## DESCRIPTION OF THE TASK
For the records below, give the number of lines where the string "noteq" occurs. Include nothing else.

╭─ EXCERPTED DATA

lemma differentiable_coeffs_if_real_analytic_quadratic_pair:
  assumes F: "F = (\<lambda>(x, y). (p2 x * y\<^sup>2 + p1 x * y + p0 x, q2 x * y\<^sup>2 + q1 x * y + q0 x))"
    and "real_analytic_map_on F (I \<times> UNIV)" and "x \<in> I"
  shows "\<forall>f\<in>{p0, p1, p2, q0, q1, q2}. f differentiable (at x)"
proof -
  have P: "real_analytic2_on (\<lambda>z. fst (F z)) (I \<times> UNIV)"
    and Q: "real_analytic2_on (\<lambda>z. snd (F z)) (I \<times> UNIV)"
    using assms(2) unfolding real_analytic_map_on_def by auto
  have p: "(\<lambda>t. p2 t * y\<^sup>2 + p1 t * y + p0 t) differentiable (at x)"
    and q: "(\<lambda>t. q2 t * y\<^sup>2 + q1 t * y + q0 t) differentiable (at x)" for y
    using real_analytic2_on_imp_differentiable_fst[OF P, of x y]
      real_analytic2_on_imp_differentiable_fst[OF Q, of x y] \<open>x \<in> I\<close>
    by (simp_all add: F)
  show ?thesis
    using differentiable_coeffs_if_quadratic_differentiable[OF p]
      differentiable_coeffs_if_quadratic_differentiable[OF q] by simp
qed

lemma jac_det_quadratic_pair:
  assumes F: "F = (\<lambda>(x, y). (p2 x * y\<^sup>2 + p1 x * y + p0 x, q2 x * y\<^sup>2 + q1 x * y + q0 x))"
    and "\<forall>f\<in>{p0, p1, p2, q0, q1, q2}. f differentiable (at x)"
  shows "jac_det F (x, y) =
    (deriv p2 x * y\<^sup>2 + deriv p1 x * y + deriv p0 x) * (2 * q2 x * y + q1 x)
    - (2 * p2 x * y + p1 x) * (deriv q2 x * y\<^sup>2 + deriv q1 x * y + deriv q0 x)"
proof -
  have deriv_x: "deriv (\<lambda>t. a2 t * y\<^sup>2 + a1 t * y + a0 t) x = deriv a2 x * y\<^sup>2 + deriv a1 x * y + deriv a0 x"
    if "\<forall>f\<in>{a0, a1, a2}. f differentiable (at x)" for a0 a1 a2 :: "real \<Rightarrow> real"
    using that by (intro DERIV_imp_deriv)
      (auto intro!: derivative_eq_intros simp: DERIV_deriv_iff_real_differentiable)
  have deriv_y: "deriv (\<lambda>t. a2 x * t\<^sup>2 + a1 x * t + a0 x) y = 2 * a2 x * y + a1 x"
    for a0 a1 a2 :: "real \<Rightarrow> real"
    by (intro DERIV_imp_deriv) (auto intro!: derivative_eq_intros)
  show ?thesis using assms(2) by (simp add: jac_det_def F deriv_x deriv_y)
qed

lemma jac_det_quadratic_affine_pair:
  assumes F: "F = (\<lambda>(x, y). (p2 x * y\<^sup>2 + p1 x * y + p0 x, r1 x * y + r0 x))"
    and "\<forall>f\<in>{p0, p1, p2, r0, r1}. f differentiable (at x)"
  shows "jac_det F (x, y) = (deriv p2 x * y\<^sup>2 + deriv p1 x * y + deriv p0 x) * r1 x
    - (2 * p2 x * y + p1 x) * (deriv r1 x * y + deriv r0 x)"
proof -
  have "F = (\<lambda>(x, y). (p2 x * y\<^sup>2 + p1 x * y + p0 x, (\<lambda>_. 0) x * y\<^sup>2 + r1 x * y + r0 x))"
    by (simp add: F)
  from jac_det_quadratic_pair[OF this] assms(2) show ?thesis by simp
qed

lemma jac_det_swap: "jac_det (prod.swap \<circ> F) z = - jac_det F z"
  by (simp add: jac_det_def Let_def)

lemma quadratic_pair_leading_wronskian_eq_zero:
  assumes F: "F = (\<lambda>(x, y). (p2 x * y\<^sup>2 + p1 x * y + p0 x, q2 x * y\<^sup>2 + q1 x * y + q0 x))"
    and diff: "\<forall>f\<in>{p0, p1, p2, q0, q1, q2}. f differentiable (at x)"
    and jac: "\<forall>y. jac_det F (x, y) \<noteq> 0"
  shows "deriv p2 x * q2 x = p2 x * deriv q2 x"
proof (rule ccontr)
  assume "deriv p2 x * q2 x \<noteq> p2 x * deriv q2 x"
  define a3 where "a3 = 2 * (deriv p2 x * q2 x - p2 x * deriv q2 x)"
  define a2 where "a2 = deriv p2 x * q1 x + 2 * deriv p1 x * q2 x - 2 * p2 x * deriv q1 x - p1 x * deriv q2 x"
  define a1 where "a1 = deriv p1 x * q1 x + 2 * deriv p0 x * q2 x - 2 * p2 x * deriv q0 x - p1 x * deriv q1 x"
  define a0 where "a0 = deriv p0 x * q1 x - p1 x * deriv q0 x"
  have "a3 \<noteq> 0" using \<open>deriv p2 x * q2 x \<noteq> p2 x * deriv q2 x\<close> by (simp add: a3_def)
  with cubic_has_real_root obtain y where "a3 * y ^ 3 + a2 * y\<^sup>2 + a1 * y + a0 = 0" by blast
  moreover have "jac_det F (x, y) = a3 * y ^ 3 + a2 * y\<^sup>2 + a1 * y + a0"
    unfolding jac_det_quadratic_pair[OF F diff] a3_def a2_def a1_def a0_def
    by (simp add: algebra_simps power2_eq_square power3_eq_cube)
  ultimately show False using jac by simp
qed

lemma has_real_derivative_along_level_line:
  fixes c :: real
  assumes F: "F = (\<lambda>(x, y). (p2 x * y\<^sup>2 + p1 x * y + p0 x, r1 x * y + r0 x))"
    and diff: "\<forall>f\<in>{p0, p1, p2, r0, r1}. f differentiable (at x)" and "r1 x \<noteq> 0"
  defines "Y \<equiv> \<lambda>t. (c - r0 t) / r1 t"
  shows "((\<lambda>t. fst (F (t, Y t))) has_real_derivative jac_det F (x, Y x) / r1 x) (at x)"
proof -
  note jac = jac_det_quadratic_affine_pair[OF F diff, of "Y x"]
  have "(Y has_real_derivative - (deriv r1 x * Y x + deriv r0 x) / r1 x) (at x)"
    unfolding Y_def using diff \<open>r1 x \<noteq> 0\<close>
    by (auto intro!: derivative_eq_intros simp: DERIV_deriv_iff_real_differentiable[symmetric])
      (simp add: field_simps power2_eq_square)
  then have "((\<lambda>t. p2 t * (Y t)\<^sup>2 + p1 t * Y t + p0 t) has_real_derivative
      ((deriv p2 x * (Y x)\<^sup>2 + deriv p1 x * Y x + deriv p0 x) * r1 x
        - (2 * p2 x * Y x + p1 x) * (deriv r1 x * Y x + deriv r0 x)) / r1 x) (at x)"
    using diff \<open>r1 x \<noteq> 0\<close>
    by (auto intro!: derivative_eq_intros simp: DERIV_deriv_iff_real_differentiable[symmetric])
      (simp add: field_simps power2_eq_square)
  then show ?thesis unfolding jac by (simp add: F)
qed

lemma inj_on_quadratic_affine_pair:
  fixes I :: "real set"
  assumes "is_interval I"
    and F: "F = (\<lambda>(x, y). (p2 x * y\<^sup>2 + p1 x * y + p0 x, r1 x * y + r0 x))"
    and diff: "\<forall>x\<in>I. \<forall>f\<in>{p0, p1, p2, r0, r1}. f differentiable (at x)"
    and jac: "\<forall>z\<in>I \<times> UNIV. jac_det F z \<noteq> 0"
    and r1: "\<forall>x\<in>I. r1 x \<noteq> 0"
  shows "inj_on F (I \<times> UNIV)"
proof -
  have F_neq: "F (a, ya) \<noteq> F (b, yb)" if "a \<in> I" "b \<in> I" "a < b" for a b ya yb
  proof
    assume eq: "F (a, ya) = F (b, yb)"
    define c where "c = r1 a * ya + r0 a"
    define Y where "Y t = (c - r0 t) / r1 t" for t
    define P where "P t = fst (F (t, Y t))" for t
    have "c = r1 b * yb + r0 b" using eq by (simp add: F c_def)
    then have "Y a = ya" "Y b = yb"
      using r1 that by (simp_all add: Y_def c_def field_simps)
    then have "P a = P b" using eq by (simp add: P_def)
    have "{a..b} \<subseteq> I" by (auto intro: mem_is_interval_1_I[OF \<open>is_interval I\<close> that(1,2)])
    have P_deriv: "(P has_real_derivative jac_det F (t, Y t) / r1 t) (at t)" if "t \<in> I" for t
      using has_real_derivative_along_level_line[OF F] diff r1 that unfolding P_def Y_def by auto
    have "continuous_on {a..b} P"
      using P_deriv DERIV_isCont \<open>{a..b} \<subseteq> I\<close> by (intro continuous_at_imp_continuous_on) blast
    moreover have "P differentiable (at t)" if "a < t" "t < b" for t
    proof -
      have "t \<in> I" using \<open>{a..b} \<subseteq> I\<close> that by auto
      then show ?thesis using P_deriv real_differentiable_def by blast
    qed
    ultimately obtain t where t: "a < t" "t < b" "(P has_real_derivative 0) (at t)"
      using Rolle[OF \<open>a < b\<close> \<open>P a = P b\<close>] by blast
    then have "t \<in> I" using \<open>{a..b} \<subseteq> I\<close> by auto
    with t have "jac_det F (t, Y t) / r1 t = 0" using DERIV_unique P_deriv by blast
    then show False using jac r1 \<open>t \<in> I\<close> by auto
  qed
  show ?thesis
  proof (rule inj_onI, clarify)
    fix a ya b yb assume ab: "a \<in> I" "b \<in> I" and eq: "F (a, ya) = F (b, yb)"
    then have "a = b" using F_neq F_neq[symmetric] by (metis linorder_neqE)
    then show "a = b \<and> ya = yb" using eq r1 ab by (simp add: F)
  qed
qed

╰─

## ANSWER SPACE
9